→ **WHAT THIS TASK INVOLVES**
The lines to reproduce from the material below are those from the one containing "(* Assume $X_0\in" through the one containing "M. X \<omega>", both included; write them out exactly and add nothing.

→ **GIVEN INFORMATION**
=== Section Start ===
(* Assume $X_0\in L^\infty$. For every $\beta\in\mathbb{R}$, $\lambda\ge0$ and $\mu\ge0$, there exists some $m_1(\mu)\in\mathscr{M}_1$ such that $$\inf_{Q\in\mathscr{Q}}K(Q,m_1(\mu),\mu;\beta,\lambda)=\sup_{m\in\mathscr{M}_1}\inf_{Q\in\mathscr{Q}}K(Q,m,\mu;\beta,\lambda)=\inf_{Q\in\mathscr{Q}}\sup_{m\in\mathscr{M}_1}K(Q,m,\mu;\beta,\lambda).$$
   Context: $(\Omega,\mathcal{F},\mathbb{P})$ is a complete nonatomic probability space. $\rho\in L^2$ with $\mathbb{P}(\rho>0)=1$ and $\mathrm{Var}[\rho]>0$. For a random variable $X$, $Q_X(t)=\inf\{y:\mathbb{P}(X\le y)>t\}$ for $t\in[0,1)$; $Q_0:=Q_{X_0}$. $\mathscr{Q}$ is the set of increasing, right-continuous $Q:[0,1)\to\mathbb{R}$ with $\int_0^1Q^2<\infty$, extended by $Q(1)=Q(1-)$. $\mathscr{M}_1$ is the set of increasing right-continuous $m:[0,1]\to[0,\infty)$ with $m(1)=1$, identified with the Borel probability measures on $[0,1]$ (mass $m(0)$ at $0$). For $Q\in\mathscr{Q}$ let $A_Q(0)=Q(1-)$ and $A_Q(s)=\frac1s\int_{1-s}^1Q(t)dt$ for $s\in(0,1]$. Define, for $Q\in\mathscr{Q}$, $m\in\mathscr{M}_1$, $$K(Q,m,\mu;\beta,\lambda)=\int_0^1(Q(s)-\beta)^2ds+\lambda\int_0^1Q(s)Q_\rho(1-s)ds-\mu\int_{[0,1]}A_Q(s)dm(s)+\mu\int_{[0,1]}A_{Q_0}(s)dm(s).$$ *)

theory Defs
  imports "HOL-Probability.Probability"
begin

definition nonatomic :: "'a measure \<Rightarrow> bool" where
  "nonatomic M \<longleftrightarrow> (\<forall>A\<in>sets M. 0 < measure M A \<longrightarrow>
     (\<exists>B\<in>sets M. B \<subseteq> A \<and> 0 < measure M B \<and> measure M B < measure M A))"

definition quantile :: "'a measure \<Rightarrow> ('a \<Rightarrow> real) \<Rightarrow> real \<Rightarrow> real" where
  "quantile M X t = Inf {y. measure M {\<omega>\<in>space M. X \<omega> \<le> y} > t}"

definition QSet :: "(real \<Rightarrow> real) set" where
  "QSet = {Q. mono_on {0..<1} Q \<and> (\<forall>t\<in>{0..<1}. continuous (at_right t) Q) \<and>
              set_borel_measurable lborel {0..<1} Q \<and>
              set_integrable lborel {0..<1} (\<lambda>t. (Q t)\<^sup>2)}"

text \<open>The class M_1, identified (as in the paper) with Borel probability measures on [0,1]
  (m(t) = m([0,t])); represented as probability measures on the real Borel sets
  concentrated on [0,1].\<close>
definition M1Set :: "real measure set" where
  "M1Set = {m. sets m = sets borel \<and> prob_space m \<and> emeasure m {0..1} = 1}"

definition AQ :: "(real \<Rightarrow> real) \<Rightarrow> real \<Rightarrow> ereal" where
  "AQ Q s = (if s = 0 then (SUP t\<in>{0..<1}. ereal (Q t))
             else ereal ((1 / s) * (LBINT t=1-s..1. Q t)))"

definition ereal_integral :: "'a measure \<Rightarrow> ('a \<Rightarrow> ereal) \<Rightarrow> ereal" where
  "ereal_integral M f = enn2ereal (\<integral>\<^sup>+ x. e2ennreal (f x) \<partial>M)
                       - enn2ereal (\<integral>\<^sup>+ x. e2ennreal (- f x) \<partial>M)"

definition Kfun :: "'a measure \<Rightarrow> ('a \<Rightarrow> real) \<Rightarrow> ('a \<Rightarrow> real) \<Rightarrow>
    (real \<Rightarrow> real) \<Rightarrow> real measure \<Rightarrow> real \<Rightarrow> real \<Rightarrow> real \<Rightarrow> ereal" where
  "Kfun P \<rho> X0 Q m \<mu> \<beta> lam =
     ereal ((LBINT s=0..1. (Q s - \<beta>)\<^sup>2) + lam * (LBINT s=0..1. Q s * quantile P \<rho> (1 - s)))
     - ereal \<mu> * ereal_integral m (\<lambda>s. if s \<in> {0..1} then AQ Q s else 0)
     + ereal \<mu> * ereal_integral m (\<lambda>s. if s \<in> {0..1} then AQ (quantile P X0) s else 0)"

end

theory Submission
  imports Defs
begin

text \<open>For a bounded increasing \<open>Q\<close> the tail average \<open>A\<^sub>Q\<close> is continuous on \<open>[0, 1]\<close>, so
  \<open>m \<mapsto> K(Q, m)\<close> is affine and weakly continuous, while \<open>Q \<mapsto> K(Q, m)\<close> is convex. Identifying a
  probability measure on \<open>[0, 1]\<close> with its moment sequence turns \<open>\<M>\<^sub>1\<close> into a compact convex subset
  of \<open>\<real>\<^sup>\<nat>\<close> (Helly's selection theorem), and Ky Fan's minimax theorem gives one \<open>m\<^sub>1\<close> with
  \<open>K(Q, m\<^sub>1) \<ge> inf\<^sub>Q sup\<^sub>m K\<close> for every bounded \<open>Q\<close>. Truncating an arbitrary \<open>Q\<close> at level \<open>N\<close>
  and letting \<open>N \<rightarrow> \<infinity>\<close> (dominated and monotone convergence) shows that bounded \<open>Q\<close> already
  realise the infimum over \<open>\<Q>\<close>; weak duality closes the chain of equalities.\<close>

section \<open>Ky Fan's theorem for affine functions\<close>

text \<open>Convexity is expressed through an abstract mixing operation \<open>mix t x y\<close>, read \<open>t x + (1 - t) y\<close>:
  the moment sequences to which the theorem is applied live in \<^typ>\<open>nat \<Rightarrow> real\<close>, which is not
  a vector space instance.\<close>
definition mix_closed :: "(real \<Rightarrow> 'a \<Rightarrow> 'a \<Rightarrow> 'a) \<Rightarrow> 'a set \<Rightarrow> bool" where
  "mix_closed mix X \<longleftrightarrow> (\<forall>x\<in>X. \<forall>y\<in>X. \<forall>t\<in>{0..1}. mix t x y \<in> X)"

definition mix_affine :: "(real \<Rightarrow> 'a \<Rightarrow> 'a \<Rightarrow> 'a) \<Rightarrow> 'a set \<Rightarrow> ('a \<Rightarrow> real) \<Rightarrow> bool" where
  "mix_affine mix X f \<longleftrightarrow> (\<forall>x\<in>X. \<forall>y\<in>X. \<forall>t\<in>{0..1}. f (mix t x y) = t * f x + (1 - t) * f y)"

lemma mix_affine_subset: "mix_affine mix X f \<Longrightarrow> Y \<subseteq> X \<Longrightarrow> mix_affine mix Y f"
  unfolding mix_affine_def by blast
=== Section End ===
=== Section Start ===
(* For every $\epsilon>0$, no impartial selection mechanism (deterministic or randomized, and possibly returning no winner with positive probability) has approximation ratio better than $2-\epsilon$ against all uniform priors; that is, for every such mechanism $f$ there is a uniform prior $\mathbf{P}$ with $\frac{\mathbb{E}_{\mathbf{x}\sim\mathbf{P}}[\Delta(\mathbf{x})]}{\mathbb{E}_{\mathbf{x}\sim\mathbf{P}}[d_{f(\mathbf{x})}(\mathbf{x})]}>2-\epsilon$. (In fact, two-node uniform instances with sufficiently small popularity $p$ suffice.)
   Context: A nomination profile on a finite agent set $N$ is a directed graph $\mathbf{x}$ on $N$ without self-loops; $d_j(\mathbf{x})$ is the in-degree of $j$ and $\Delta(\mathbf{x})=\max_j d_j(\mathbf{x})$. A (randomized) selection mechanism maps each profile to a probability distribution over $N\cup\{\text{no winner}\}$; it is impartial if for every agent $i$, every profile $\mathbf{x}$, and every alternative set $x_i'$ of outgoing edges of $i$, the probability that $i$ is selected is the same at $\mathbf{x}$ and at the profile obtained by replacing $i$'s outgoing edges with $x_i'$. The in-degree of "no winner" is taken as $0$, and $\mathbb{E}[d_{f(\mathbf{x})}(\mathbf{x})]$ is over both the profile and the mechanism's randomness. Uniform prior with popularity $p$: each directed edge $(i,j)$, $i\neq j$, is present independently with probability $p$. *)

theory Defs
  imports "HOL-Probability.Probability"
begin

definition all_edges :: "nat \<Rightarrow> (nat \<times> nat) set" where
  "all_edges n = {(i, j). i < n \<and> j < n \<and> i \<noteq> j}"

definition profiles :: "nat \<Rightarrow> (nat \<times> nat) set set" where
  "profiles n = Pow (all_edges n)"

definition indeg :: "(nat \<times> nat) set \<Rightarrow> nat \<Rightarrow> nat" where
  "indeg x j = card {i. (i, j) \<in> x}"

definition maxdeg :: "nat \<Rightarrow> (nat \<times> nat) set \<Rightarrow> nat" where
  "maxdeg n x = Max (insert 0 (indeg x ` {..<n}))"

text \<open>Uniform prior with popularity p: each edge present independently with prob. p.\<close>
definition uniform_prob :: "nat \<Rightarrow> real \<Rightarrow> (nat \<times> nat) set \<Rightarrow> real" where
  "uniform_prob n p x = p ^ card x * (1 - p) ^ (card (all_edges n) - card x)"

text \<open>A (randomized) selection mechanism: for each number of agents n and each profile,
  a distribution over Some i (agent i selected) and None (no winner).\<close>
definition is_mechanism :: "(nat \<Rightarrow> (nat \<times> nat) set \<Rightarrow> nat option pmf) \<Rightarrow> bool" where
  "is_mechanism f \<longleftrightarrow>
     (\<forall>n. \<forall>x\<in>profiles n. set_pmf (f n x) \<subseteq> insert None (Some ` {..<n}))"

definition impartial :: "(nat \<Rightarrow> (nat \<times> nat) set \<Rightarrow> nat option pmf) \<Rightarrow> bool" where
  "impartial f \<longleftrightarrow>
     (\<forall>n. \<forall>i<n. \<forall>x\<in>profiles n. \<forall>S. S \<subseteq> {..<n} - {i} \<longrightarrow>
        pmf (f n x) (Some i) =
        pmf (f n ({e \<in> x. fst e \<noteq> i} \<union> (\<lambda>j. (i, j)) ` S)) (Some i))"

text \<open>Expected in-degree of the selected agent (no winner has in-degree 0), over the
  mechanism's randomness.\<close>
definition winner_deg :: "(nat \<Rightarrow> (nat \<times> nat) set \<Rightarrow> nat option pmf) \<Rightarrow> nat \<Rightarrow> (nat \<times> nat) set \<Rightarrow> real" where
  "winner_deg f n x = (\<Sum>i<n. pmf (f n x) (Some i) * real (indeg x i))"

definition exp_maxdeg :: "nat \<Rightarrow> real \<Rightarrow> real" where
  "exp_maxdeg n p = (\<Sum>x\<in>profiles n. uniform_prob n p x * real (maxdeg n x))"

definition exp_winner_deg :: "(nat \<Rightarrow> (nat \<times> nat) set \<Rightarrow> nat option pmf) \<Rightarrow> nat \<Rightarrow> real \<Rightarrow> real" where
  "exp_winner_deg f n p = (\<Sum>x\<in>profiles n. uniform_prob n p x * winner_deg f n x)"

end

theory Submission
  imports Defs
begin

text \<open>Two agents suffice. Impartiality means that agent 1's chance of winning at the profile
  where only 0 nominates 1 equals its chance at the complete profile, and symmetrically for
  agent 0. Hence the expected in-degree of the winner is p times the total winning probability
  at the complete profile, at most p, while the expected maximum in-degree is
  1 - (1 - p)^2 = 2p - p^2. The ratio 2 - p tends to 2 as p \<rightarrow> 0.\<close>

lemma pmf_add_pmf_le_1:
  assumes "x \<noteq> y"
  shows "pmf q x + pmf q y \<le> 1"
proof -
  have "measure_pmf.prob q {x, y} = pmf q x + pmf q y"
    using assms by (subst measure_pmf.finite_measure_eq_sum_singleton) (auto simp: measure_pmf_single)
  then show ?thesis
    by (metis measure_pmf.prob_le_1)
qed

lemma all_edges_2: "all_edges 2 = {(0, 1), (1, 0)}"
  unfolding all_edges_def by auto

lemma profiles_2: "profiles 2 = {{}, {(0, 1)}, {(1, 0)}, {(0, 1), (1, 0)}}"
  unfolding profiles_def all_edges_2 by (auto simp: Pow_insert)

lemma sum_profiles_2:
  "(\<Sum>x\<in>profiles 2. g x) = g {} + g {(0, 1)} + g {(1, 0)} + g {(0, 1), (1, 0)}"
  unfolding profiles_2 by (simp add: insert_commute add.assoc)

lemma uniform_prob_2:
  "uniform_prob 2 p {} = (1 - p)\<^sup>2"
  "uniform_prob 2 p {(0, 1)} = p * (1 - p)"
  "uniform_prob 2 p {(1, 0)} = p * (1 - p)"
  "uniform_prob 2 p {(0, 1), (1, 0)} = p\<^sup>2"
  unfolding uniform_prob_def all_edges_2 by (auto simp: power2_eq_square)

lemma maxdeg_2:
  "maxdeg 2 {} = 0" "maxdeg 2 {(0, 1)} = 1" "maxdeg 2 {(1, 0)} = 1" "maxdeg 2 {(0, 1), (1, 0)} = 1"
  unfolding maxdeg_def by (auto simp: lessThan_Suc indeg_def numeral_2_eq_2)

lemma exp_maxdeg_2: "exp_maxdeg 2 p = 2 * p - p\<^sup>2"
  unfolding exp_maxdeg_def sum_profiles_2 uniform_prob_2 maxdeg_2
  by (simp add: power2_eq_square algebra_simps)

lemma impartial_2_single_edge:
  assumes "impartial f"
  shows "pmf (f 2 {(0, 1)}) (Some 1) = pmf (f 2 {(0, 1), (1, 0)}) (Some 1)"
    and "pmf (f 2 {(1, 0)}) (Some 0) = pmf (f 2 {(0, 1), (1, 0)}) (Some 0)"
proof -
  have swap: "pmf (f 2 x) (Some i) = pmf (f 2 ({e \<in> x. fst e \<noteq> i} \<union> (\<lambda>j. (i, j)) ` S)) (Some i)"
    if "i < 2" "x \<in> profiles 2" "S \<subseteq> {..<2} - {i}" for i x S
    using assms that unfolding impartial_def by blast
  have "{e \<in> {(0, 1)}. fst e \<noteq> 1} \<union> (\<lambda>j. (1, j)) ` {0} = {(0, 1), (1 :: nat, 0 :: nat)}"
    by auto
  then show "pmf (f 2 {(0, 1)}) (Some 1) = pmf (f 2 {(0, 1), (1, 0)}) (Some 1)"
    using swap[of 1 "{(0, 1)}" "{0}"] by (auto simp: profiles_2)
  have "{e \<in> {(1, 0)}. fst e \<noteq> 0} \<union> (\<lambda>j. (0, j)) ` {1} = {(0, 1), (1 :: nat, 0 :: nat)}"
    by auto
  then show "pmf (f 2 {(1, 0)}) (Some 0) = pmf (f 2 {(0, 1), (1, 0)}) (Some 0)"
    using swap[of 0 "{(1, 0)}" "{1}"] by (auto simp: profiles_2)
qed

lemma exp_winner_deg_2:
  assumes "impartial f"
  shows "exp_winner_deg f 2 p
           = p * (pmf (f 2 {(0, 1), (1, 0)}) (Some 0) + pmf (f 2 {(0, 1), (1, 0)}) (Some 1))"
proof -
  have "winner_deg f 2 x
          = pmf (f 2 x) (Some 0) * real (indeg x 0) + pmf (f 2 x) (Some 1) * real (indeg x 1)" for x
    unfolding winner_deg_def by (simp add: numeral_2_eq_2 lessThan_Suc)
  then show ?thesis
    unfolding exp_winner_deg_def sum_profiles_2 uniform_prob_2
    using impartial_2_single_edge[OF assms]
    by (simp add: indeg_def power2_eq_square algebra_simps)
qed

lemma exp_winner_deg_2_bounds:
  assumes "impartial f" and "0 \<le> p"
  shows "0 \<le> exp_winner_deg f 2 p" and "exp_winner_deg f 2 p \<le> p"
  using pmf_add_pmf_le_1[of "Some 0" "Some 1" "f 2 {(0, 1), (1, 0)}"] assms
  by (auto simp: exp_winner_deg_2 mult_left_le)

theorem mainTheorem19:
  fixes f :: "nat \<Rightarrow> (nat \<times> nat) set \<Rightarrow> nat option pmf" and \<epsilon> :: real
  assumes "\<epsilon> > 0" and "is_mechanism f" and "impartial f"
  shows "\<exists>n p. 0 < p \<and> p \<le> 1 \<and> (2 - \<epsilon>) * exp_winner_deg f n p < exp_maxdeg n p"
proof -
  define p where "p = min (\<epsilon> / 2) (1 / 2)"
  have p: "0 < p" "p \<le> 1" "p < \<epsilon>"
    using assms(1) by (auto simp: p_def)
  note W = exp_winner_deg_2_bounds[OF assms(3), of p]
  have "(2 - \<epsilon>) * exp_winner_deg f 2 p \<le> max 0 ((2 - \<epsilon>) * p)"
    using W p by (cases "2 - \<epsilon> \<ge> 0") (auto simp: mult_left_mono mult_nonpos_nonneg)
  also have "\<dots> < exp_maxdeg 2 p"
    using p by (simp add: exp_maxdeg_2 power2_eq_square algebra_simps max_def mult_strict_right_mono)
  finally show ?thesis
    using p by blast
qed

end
=== Section End ===
=== Section Start ===
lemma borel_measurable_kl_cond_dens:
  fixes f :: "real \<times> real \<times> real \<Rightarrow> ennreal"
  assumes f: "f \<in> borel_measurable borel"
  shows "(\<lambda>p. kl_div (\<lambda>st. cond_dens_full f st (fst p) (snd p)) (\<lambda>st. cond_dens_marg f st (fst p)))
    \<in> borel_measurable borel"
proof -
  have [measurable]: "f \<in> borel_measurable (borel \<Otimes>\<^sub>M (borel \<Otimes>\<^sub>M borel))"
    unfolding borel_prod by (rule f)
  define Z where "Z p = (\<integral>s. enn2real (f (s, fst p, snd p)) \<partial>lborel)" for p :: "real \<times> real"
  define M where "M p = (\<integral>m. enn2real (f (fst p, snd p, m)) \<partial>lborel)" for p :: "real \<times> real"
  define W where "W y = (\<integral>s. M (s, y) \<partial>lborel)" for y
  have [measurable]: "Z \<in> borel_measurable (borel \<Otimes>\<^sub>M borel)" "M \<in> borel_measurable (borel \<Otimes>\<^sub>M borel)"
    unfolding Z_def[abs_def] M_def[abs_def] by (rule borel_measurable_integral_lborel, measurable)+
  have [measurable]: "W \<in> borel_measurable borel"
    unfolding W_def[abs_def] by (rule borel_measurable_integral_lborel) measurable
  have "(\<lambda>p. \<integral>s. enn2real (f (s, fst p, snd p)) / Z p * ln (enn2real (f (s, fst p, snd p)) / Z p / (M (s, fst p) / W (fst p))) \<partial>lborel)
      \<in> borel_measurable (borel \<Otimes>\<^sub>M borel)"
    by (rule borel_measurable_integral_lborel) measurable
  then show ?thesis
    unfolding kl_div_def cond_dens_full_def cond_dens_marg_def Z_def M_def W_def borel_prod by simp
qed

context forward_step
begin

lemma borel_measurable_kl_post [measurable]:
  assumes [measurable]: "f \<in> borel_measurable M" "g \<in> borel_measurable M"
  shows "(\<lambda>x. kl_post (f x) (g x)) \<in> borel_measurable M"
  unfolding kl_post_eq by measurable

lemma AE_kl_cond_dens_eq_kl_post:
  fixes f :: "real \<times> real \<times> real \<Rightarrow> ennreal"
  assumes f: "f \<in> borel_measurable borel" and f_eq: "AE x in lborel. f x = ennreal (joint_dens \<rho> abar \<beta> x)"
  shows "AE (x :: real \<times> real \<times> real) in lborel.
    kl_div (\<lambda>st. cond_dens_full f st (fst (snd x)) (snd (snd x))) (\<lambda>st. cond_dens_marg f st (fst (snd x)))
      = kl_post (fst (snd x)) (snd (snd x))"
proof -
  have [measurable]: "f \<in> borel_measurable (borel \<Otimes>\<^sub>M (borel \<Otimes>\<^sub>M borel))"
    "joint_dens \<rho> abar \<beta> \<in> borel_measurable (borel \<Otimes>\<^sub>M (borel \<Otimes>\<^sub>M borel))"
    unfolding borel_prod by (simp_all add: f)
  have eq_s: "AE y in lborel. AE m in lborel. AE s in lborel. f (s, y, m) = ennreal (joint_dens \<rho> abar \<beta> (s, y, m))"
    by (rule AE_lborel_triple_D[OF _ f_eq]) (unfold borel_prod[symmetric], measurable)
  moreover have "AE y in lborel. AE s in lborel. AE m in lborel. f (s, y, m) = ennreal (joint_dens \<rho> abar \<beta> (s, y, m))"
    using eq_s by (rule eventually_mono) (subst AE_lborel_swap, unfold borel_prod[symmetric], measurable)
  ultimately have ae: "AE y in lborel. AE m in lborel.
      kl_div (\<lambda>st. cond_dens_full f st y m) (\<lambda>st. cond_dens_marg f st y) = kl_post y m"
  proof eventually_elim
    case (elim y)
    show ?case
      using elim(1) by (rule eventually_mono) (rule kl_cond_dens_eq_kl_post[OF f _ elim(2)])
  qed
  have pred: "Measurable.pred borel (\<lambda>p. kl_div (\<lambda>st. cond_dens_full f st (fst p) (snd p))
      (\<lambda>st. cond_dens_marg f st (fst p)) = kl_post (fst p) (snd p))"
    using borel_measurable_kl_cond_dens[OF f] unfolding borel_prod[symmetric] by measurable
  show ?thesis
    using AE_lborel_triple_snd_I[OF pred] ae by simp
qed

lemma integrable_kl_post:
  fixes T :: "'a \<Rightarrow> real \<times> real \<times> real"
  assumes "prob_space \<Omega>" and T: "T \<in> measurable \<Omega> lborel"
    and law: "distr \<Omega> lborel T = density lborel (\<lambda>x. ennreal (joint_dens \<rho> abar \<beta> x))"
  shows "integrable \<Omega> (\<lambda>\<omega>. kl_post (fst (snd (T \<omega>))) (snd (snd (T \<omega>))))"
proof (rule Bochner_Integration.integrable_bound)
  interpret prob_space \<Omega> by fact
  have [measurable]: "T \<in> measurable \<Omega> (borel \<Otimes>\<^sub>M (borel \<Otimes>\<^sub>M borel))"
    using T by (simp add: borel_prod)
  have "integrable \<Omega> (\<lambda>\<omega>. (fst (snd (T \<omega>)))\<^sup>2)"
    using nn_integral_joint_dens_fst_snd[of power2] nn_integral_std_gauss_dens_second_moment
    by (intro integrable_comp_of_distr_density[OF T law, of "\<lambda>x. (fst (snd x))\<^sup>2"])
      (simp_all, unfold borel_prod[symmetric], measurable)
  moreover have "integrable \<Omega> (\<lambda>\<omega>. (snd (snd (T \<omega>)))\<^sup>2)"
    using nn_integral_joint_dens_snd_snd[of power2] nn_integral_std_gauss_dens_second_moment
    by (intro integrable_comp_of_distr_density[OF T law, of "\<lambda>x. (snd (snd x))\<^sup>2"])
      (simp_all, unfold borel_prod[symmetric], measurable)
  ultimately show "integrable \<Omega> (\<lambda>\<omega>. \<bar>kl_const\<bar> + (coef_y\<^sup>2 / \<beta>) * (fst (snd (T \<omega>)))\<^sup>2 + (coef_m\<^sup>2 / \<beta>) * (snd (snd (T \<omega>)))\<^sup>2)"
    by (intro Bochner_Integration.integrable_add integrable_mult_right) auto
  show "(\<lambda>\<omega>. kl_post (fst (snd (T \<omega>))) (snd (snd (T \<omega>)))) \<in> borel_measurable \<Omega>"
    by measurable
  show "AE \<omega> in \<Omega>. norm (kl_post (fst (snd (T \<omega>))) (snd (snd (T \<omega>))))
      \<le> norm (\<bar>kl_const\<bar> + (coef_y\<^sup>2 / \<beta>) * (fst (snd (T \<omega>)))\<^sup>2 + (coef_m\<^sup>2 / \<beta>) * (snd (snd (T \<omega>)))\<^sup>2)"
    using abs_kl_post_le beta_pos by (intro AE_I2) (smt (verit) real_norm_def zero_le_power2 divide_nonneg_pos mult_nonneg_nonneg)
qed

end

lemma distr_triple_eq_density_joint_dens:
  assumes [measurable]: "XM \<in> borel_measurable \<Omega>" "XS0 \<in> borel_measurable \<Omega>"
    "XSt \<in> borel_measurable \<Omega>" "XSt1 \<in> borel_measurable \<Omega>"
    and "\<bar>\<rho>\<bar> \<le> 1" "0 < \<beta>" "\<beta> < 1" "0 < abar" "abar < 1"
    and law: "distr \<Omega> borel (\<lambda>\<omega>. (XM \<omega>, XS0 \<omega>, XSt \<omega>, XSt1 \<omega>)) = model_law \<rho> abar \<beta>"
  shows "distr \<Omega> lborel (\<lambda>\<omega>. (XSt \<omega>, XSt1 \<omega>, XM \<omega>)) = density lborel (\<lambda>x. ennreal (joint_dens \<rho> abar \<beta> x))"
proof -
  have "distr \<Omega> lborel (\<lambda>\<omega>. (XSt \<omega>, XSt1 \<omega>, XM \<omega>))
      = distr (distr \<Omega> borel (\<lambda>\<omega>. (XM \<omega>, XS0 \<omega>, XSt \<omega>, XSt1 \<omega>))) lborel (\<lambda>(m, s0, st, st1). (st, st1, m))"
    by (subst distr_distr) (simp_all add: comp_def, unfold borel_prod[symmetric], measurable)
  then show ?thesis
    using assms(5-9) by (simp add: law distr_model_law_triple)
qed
=== Section End ===
→ **OUTPUT FOR THIS EXERCISE**
(* Assume $X_0\in L^\infty$. For every $\beta\in\mathbb{R}$, $\lambda\ge0$ and $\mu\ge0$, there exists some $m_1(\mu)\in\mathscr{M}_1$ such that $$\inf_{Q\in\mathscr{Q}}K(Q,m_1(\mu),\mu;\beta,\lambda)=\sup_{m\in\mathscr{M}_1}\inf_{Q\in\mathscr{Q}}K(Q,m,\mu;\beta,\lambda)=\inf_{Q\in\mathscr{Q}}\sup_{m\in\mathscr{M}_1}K(Q,m,\mu;\beta,\lambda).$$
   Context: $(\Omega,\mathcal{F},\mathbb{P})$ is a complete nonatomic probability space. $\rho\in L^2$ with $\mathbb{P}(\rho>0)=1$ and $\mathrm{Var}[\rho]>0$. For a random variable $X$, $Q_X(t)=\inf\{y:\mathbb{P}(X\le y)>t\}$ for $t\in[0,1)$; $Q_0:=Q_{X_0}$. $\mathscr{Q}$ is the set of increasing, right-continuous $Q:[0,1)\to\mathbb{R}$ with $\int_0^1Q^2<\infty$, extended by $Q(1)=Q(1-)$. $\mathscr{M}_1$ is the set of increasing right-continuous $m:[0,1]\to[0,\infty)$ with $m(1)=1$, identified with the Borel probability measures on $[0,1]$ (mass $m(0)$ at $0$). For $Q\in\mathscr{Q}$ let $A_Q(0)=Q(1-)$ and $A_Q(s)=\frac1s\int_{1-s}^1Q(t)dt$ for $s\in(0,1]$. Define, for $Q\in\mathscr{Q}$, $m\in\mathscr{M}_1$, $$K(Q,m,\mu;\beta,\lambda)=\int_0^1(Q(s)-\beta)^2ds+\lambda\int_0^1Q(s)Q_\rho(1-s)ds-\mu\int_{[0,1]}A_Q(s)dm(s)+\mu\int_{[0,1]}A_{Q_0}(s)dm(s).$$ *)

theory Defs
  imports "HOL-Probability.Probability"
begin

definition nonatomic :: "'a measure \<Rightarrow> bool" where
  "nonatomic M \<longleftrightarrow> (\<forall>A\<in>sets M. 0 < measure M A \<longrightarrow>
     (\<exists>B\<in>sets M. B \<subseteq> A \<and> 0 < measure M B \<and> measure M B < measure M A))"

definition quantile :: "'a measure \<Rightarrow> ('a \<Rightarrow> real) \<Rightarrow> real \<Rightarrow> real" where
  "quantile M X t = Inf {y. measure M {\<omega>\<in>space M. X \<omega> \<le> y} > t}"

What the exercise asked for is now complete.